Silencing the Mango Man

Devolver bien por mal.

Juan worked as a bartender long into the evening, six nights a week. He went to work in the late afternoon and returned to his home after closing the bar in the early hours of the morning. During his normal shift he dealt with demanding boozers, the constant smells of the bar and keeping count on the money in the register. When it was all over he refurbished the liquor, stocked the coolers, mopped the floor, arranged the furniture and secured the door before leaving the place to the light of day.

He always slammed a parting shot on the way out the door, fired up a smoke and coughed his way through the winding streets back home to his peaceful bed. Exhausted, he fell usually asleep in moments. That was before the Mango Man.
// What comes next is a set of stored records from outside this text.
lemma homogeneous_obstruction_rows:
  fixes n :: nat
  assumes n: "3 \<le> n"
  shows "\<exists>N::nat. \<forall>G \<tau> g. (\<forall>i<N. induced_obstruction G (\<tau> i) (g i)) \<longrightarrow>
      (\<forall>i<N. \<forall>j<i. obst_verts (\<tau> i) (g i) \<inter> obst_verts (\<tau> j) (g j) = {}) \<longrightarrow>
      (\<exists>\<sigma> P v. \<sigma> < 3 \<and> induced_embedding (homog_adj P (obst_adj \<sigma>)) ({..<n} \<times> {..<obst_size \<sigma>}) G v)"
proof -
  define K :: "(nat \<times> nat \<times> (nat \<times> nat) set) set"
    where "K = {..<3} \<times> {..<3} \<times> Pow ({..<4} \<times> {..<4})"
  have fin: "finite K"
    unfolding K_def by simp
  have "(0, 0, {}) \<in> K"
    unfolding K_def by simp
  then have ne: "K \<noteq> {}"
    by blast
  obtain N :: nat where N: "\<forall>c. (\<forall>i j. i < j \<longrightarrow> j < N \<longrightarrow> c i j \<in> K) \<longrightarrow>
    (\<exists>\<iota> col. strict_mono_on {..<n} \<iota> \<and> \<iota> ` {..<n} \<subseteq> {..<N} \<and>
      (\<forall>k l. k < l \<longrightarrow> l < n \<longrightarrow> c (\<iota> k) (\<iota> l) = col))"
    using finite_ramsey_pairs[OF fin ne, of n] by blast
  have "\<exists>\<sigma> P v. \<sigma> < 3 \<and> induced_embedding (homog_adj P (obst_adj \<sigma>)) ({..<n} \<times> {..<obst_size \<sigma>}) G v"
    if obst: "\<forall>i<N. induced_obstruction G (\<tau> i) (g i)"
      and disj: "\<forall>i<N. \<forall>j<i. obst_verts (\<tau> i) (g i) \<inter> obst_verts (\<tau> j) (g j) = {}" for G \<tau> g
  proof -
    have "\<tau> i < 3" if "i < N" for i
      using obst that by (simp add: induced_obstruction_def)
    then have "\<forall>i j. i < j \<longrightarrow> j < N \<longrightarrow> obst_colour G \<tau> g i j \<in> K"
      unfolding obst_colour_def K_def by (simp add: subset_iff)
    then obtain \<iota> col where \<iota>: "strict_mono_on {..<n} \<iota>" "\<iota> ` {..<n} \<subseteq> {..<N}"
      and hom: "\<forall>k l. k < l \<longrightarrow> l < n \<longrightarrow> obst_colour G \<tau> g (\<iota> k) (\<iota> l) = col"
      using N by blast
    obtain \<sigma> \<sigma>' P where "col = (\<sigma>, \<sigma>', P)"
      by (cases col) auto
    then show ?thesis
      using induced_embedding_homogeneous_colour[OF obst disj n \<iota>, of \<sigma> \<sigma>' P] hom by blast
  qed
  then show ?thesis
    by blast
qed

section \<open>Cliques and complete tripartite graphs in homogeneous rows\<close>

lemma clique_model_loop:
  assumes "p < L" "(p, p) \<in> P" "t \<le> n"
  shows "indep_model (homog_adj P W) ({..<n} \<times> {..<L}) t (\<lambda>c. {(c, p)}) (\<lambda>_ _. True)"
  using assms unfolding indep_model_def by (auto simp: homog_adj_def)

lemma clique_model_asymmetric:
  assumes "p < L" "q < L" "(p, q) \<in> P" "(q, p) \<notin> P" "2 * t \<le> n"
  shows "indep_model (homog_adj P W) ({..<n} \<times> {..<L}) t
    (\<lambda>c. {(2 * c, q), (2 * c + 1, p)}) (\<lambda>_ _. True)"
proof -
  have "homog_adj P W (2 * c + 1, p) (2 * d, q)" if "c < d" for c d
    using that assms(3) by (simp add: homog_adj_def)
  moreover have "homog_adj P W (2 * c, q) (2 * d + 1, p)" if "d < c" for c d
    using that assms(3) by (simp add: homog_adj_def)
  ultimately have "\<exists>x\<in>{(2 * c, q), (2 * c + 1, p)}. \<exists>y\<in>{(2 * d, q), (2 * d + 1, p)}. homog_adj P W x y"
    if "c \<noteq> d" for c d
    using that by (cases "c < d") auto
  then show ?thesis
    using assms unfolding indep_model_def by (auto simp: homog_adj_def)
qed

lemma clique_model_symmetric:
  assumes "p < L" "q < L" "p \<noteq> q" "(p, q) \<in> P" "(q, p) \<in> P" "\<not> W p q" "\<not> W q p" "t \<le> n"
  shows "indep_model (homog_adj P W) ({..<n} \<times> {..<L}) t (\<lambda>c. {(c, p), (c, q)}) (\<lambda>_ _. True)"
proof -
  have "homog_adj P W (c, p) (d, q)" if "c \<noteq> d" for c d
    using that assms(4,5) by (cases "c < d") (auto simp: homog_adj_def)
  then show ?thesis
    using assms unfolding indep_model_def by (auto simp: homog_adj_def)
qed

text \<open>Read as a pair \<open>(x div t, x mod t)\<close>, a row \<open>x\<close> with \<open>x div t = c < x mod t = e\<close>
  carries the matching edge joining the branch sets \<open>c\<close> and \<open>e\<close>.\<close>

definition matching_branch :: "nat \<Rightarrow> nat \<Rightarrow> nat \<Rightarrow> nat \<Rightarrow> (nat \<times> nat) set" where
  "matching_branch t p q c = {(x, p) | x. x div t = c} \<union> {(x, q) | x. x mod t = c \<and> x div t < c}"

lemma homog_adj_matching:
  assumes "\<forall>r\<in>{p, q}. \<forall>r'\<in>{p, q}. (r, r') \<notin> P" "W p q" "W q p"
    and "snd a \<in> {p, q}" "snd b \<in> {p, q}" "a \<noteq> b"
  shows "homog_adj P W a b \<longleftrightarrow> fst a = fst b"
  using assms by (cases a; cases b) (auto simp: homog_adj_def)

lemma mem_matching_branch:
  "a \<in> matching_branch t p q c \<longleftrightarrow>
    (snd a = p \<and> fst a div t = c) \<or> (snd a = q \<and> fst a mod t = c \<and> fst a div t < c)"
  by (cases a) (auto simp: matching_branch_def)

lemma matching_branch_adjacent:
  assumes "W p q" "W q p" "c < t" "e < t" "c \<noteq> e"
  shows "\<exists>a\<in>matching_branch t p q c. \<exists>b\<in>matching_branch t p q e. homog_adj P W a b"
proof -
  have row: "(c * t + e, p) \<in> matching_branch t p q c" "(c * t + e, q) \<in> matching_branch t p q e"
    if "c < e" "e < t" for c e
    using that unfolding mem_matching_branch by simp_all
  show ?thesis
  proof (cases "c < e")
    case True
    moreover have "homog_adj P W (c * t + e, p) (c * t + e, q)"
      using assms(1) by (simp add: homog_adj_def)
    ultimately show ?thesis using row assms(4) by blast
  next
    case False
    then have "e < c" using assms(5) by simp
    moreover have "homog_adj P W (e * t + c, q) (e * t + c, p)"
      using assms(2) by (simp add: homog_adj_def)
    ultimately show ?thesis using row assms(3) by blast
  qed
qed

lemma clique_model_matching:
  assumes "p < L" "q < L" "p \<noteq> q" "\<forall>r\<in>{p, q}. \<forall>r'\<in>{p, q}. (r, r') \<notin> P" "W p q" "W q p"
    and "t * t \<le> n"
  shows "indep_model (homog_adj P W) ({..<n} \<times> {..<L}) t (matching_branch t p q) (\<lambda>_ _. True)"
  unfolding indep_model_def
proof (intro conjI allI impI ballI)
  have adj: "homog_adj P W a b \<longleftrightarrow> fst a = fst b"
    if "a \<in> matching_branch t p q c" "b \<in> matching_branch t p q e" "a \<noteq> b" for a b c e
    using homog_adj_matching[OF assms(4-6)] that unfolding mem_matching_branch by blast
  fix c assume c: "c < t"
  then have "(c * t, p) \<in> matching_branch t p q c"
    by (simp add: mem_matching_branch)
  then show "matching_branch t p q c \<noteq> {}"
    by blast
  have "x < n" if "x div t < t" for x
    using that c assms(7) div_less_iff_less_mult[of t x t] by simp
  then show "matching_branch t p q c \<subseteq> {..<n} \<times> {..<L}"
    using c assms(1,2) unfolding mem_matching_branch subset_iff by auto
  fix a b assume ab: "a \<in> matching_branch t p q c" "b \<in> matching_branch t p q c" "a \<noteq> b"
  show "\<not> homog_adj P W a b"
  proof
    assume "homog_adj P W a b"
    then have "fst a = fst b"
      using adj ab by blast
    then have "snd a \<noteq> snd b"
      using ab(3) by (simp add: prod_eq_iff)
    then show False
      using ab(1,2) \<open>fst a = fst b\<close> unfolding mem_matching_branch by auto
  qed
next
  fix c e assume ce: "c < t" "e < t" "c \<noteq> e"
  show "matching_branch t p q c \<inter> matching_branch t p q e = {}"
  proof (rule Int_emptyI)
    fix a assume "a \<in> matching_branch t p q c" "a \<in> matching_branch t p q e"
    then show False
      using ce(3) assms(3) unfolding mem_matching_branch by auto
  qed
  show "(\<exists>a\<in>matching_branch t p q c. \<exists>b\<in>matching_branch t p q e. homog_adj P W a b) = True"
    using matching_branch_adjacent[of W p q, OF assms(5,6) ce] by simp
qed

lemma homog_adj_cases:
  assumes irrefl: "\<And>p. \<not> W p p"
  obtains (loop) p where "p < L" "(p, p) \<in> P"
  | (asymmetric) p q where "p < L" "q < L" "(p, q) \<in> P" "(q, p) \<notin> P"
  | (symmetric) p q where "p < L" "q < L" "p \<noteq> q" "(p, q) \<in> P" "(q, p) \<in> P" "\<not> W p q"
  | (matching) p q where "p < L" "q < L" "p \<noteq> q" "\<forall>r\<in>{p, q}. \<forall>r'\<in>{p, q}. (r, r') \<notin> P" "W p q"
  | (blowup) "\<forall>p<L. \<forall>q<L. (p, q) \<in> P \<longleftrightarrow> W p q"
proof -
  consider (loop) p where "p < L" "(p, p) \<in> P"
    | (asymmetric) p q where "p < L" "q < L" "(p, q) \<in> P" "(q, p) \<notin> P"
    | (symmetric) p q where "p < L" "q < L" "p \<noteq> q" "(p, q) \<in> P" "(q, p) \<in> P" "\<not> W p q"
    | (matching) p q where "p < L" "q < L" "p \<noteq> q" "(p, q) \<notin> P" "(q, p) \<notin> P" "W p q"
      "\<forall>p<L. (p, p) \<notin> P"
    | (blowup) "\<forall>p<L. \<forall>q<L. (p, q) \<in> P \<longleftrightarrow> W p q"
    \<comment> \<open>otherwise \<open>P\<close> is symmetric, contained in \<open>W\<close>, and a pair in \<open>W\<close> but not in \<open>P\<close>
      is a matching pair\<close>
    using irrefl by (metis (full_types))
  then show ?thesis
  proof cases
    case (matching p q)
    then show ?thesis using that(4)[of p q] by blast
  qed (use that in blast)+
qed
For months the morning offered quiet solitude. The world of the bar seemed millions of miles away. He could pull the heavy curtains, don his sleeping mask, turn on the ceiling fan, and pull the covers back. Sometimes when the town crew was repairing the streets or on a festival day he would use earplugs, but he hated them. After the ceaseless bar noise and the repetitious music the earplugs did little more than cause an echo affect with a sprinkling of acute irritation in his right ear.

“Mango! Mango! Mango!”

“Most mornings I’m so tired I could sleep through hurricanes, jackhammers and the abrasive car alarms,” he said. “It’s all a matter of developing a workable pattern. Besides, I have no choice. My work hours are my work hours. The bar wouldn’t make any money if we opened from eight to five. “

Juan could survive on six hour of sleep but combined with the drinks, the stress and the tobacco he was clearly on the verge of a collapse. His only redoubt was his room on the second floor where his smoky, rum-soaked world had no sovereignty. For a few hours each day Juan could escape to this tiny realm. Safe from the sins of the night it was the only immediate remedy but it’s walls were slowly crumbling, chipped away by another puff, another swig.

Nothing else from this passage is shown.